Sunday, October 13, 2013

SPX Weekly Chart Rising Wedge

The weekly closing and intraweek high in July was 1709.67. The weekly closing high in September was 1709.91. The blue line shows this important resistance at 1710 where the stakes are big. The red rising wedges are dominant and exhibit multiple price touches to add to their validity, however, the bumps up against the blue line cannot be ignored for a potentially developing ascending triangle. The 1710 resistance is obviously important since bulls will run higher if it is taken out while bears will flex their muscles to the downside if they hold the line at 1710. However, even if the bears kick price lower, the lower red trend line is key, since bears would need to move under the 1680 level to negate the potential ascending triangle under development. If price breaks above the 1710, the far higher targets of 1780 and perhaps 1800 may come into play.  The two top trend lines would have to be taken out at 1722-ish and 1750.

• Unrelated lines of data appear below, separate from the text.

(* Let $\Gamma$ be a discrete subgroup of $E(n)$, and let $(G,V)$ be a finite index cocompact translation pair of $\Gamma$. Then \[ N_\Gamma(r)=\Theta(N_G(r))=\Theta(N_G^V(r))=\Theta(r^{\dim V})=\Theta(r^{\dim\Gamma}). \] In particular, $\dim\Gamma=k$ if and only if $N_\Gamma(r)=\Theta(r^k)$.
   Context: $E(n)$ denotes the group of isometries of $\mathbb{R}^n$; each $\gamma\in E(n)$ has the form $x\mapsto Ax+a$ with $A\in O(n)$, $a\in\mathbb{R}^n$, and $T(\gamma)=a$. $E(n)$ has the topology of $O(n)\times\mathbb{R}^n$. For a discrete $\Gamma\le E(n)$, a subgroup $G\le\Gamma$ and an affine subspace $V$, $(G,V)$ is a cocompact translation pair of $\Gamma$ if $gV=V$ and $g|_V$ is a translation of $V$, with translation vector $T_V(g)$, for all $g\in G$, and $V/G$ is compact; it is a finite index cocompact translation pair if moreover $[\Gamma:G]<\infty$. $\dim\Gamma:=\dim V$ for any finite index cocompact translation pair (independent of choice). For a discrete group $H\le E(n)$, $N_H(r)$ is the number of $\gamma\in H$ with $|T(\gamma)|\le r$; $N_G^V(r)$ is the number of $\gamma\in G$ with $|T_V(\gamma)|\le r$. For $f,g\colon[0,\infty)\to[0,\infty)$, $f=O(g)$ means $\limsup_{t\to\infty}f(t)/g(t)<\infty$, and $f=\Theta(g)$ means $f=O(g)$ and $g=O(f)$. *)

theory Defs
  imports "HOL-Analysis.Analysis" "HOL-Library.Landau_Symbols"
begin

text \<open>An isometry x \<mapsto> A x + a of R^n is represented by the pair (A, a),
  with A an orthogonal matrix.  E(n) carries the topology of O(n) \<times> R^n,
  i.e. the subspace topology of the product euclidean space of pairs.\<close>

type_synonym 'n iso = "(real^'n^'n) \<times> (real^'n)"

definition Eucl :: "'n::finite iso set" where
  "Eucl = {(A, a). orthogonal_matrix A}"

definition iso_apply :: "'n::finite iso \<Rightarrow> real^'n \<Rightarrow> real^'n" where
  "iso_apply g x = fst g *v x + snd g"

definition iso_mult :: "'n::finite iso \<Rightarrow> 'n iso \<Rightarrow> 'n iso" where
  "iso_mult g h = (fst g ** fst h, fst g *v snd h + snd g)"

definition iso_one :: "'n::finite iso" where
  "iso_one = (mat 1, 0)"

definition iso_inv :: "'n::finite iso \<Rightarrow> 'n iso" where
  "iso_inv g = (transpose (fst g), - (transpose (fst g) *v snd g))"

definition T :: "'n::finite iso \<Rightarrow> real^'n" where
  "T g = snd g"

On the bear side, the two negative divergence smack downs (red arrows) were easy enough to call as  they occurred. The indicators remain weak, however, the political upside orgy last week has done much to raise optimism and fuel the bullishness. Watch the thin red lines for the indicators to see if any move higher occurs as price tests 1710. If negative divergence remains, with price at 1710 or higher, then price will receive another spank down. If the indicators move above the thin lines, the bulls are gathering further upside juice. Last week's candlestick is a hammer and an outside reversal week which highlights a potential trend change. This week would need to follow through to the upside to verify the trend change higher. The volume candlesticks show more bullish interest in September than July which brings price higher for another look at or near this 1706-1710 level. Bulls win above 1710. Bears win below 1706. On this weekly basis, if bulls break out above 1710, watch to see if 1722 holds, or not. If bears stay under 1706, watch to see if 1680 holds, or not. Markets are a coin-flip due to the ongoing political circus. President Obama and the Senate turn down all the House's suggestions so the government shutdown and debt ceiling limit theatrics continue. Shutdown is in day 13. Debt ceiling limit is 4 days away. No talks are scheduled today. This information is for educational and entertainment purposes only.  Do not invest based on anything you read or view here.  Consult your financial advisor before making any investment decision.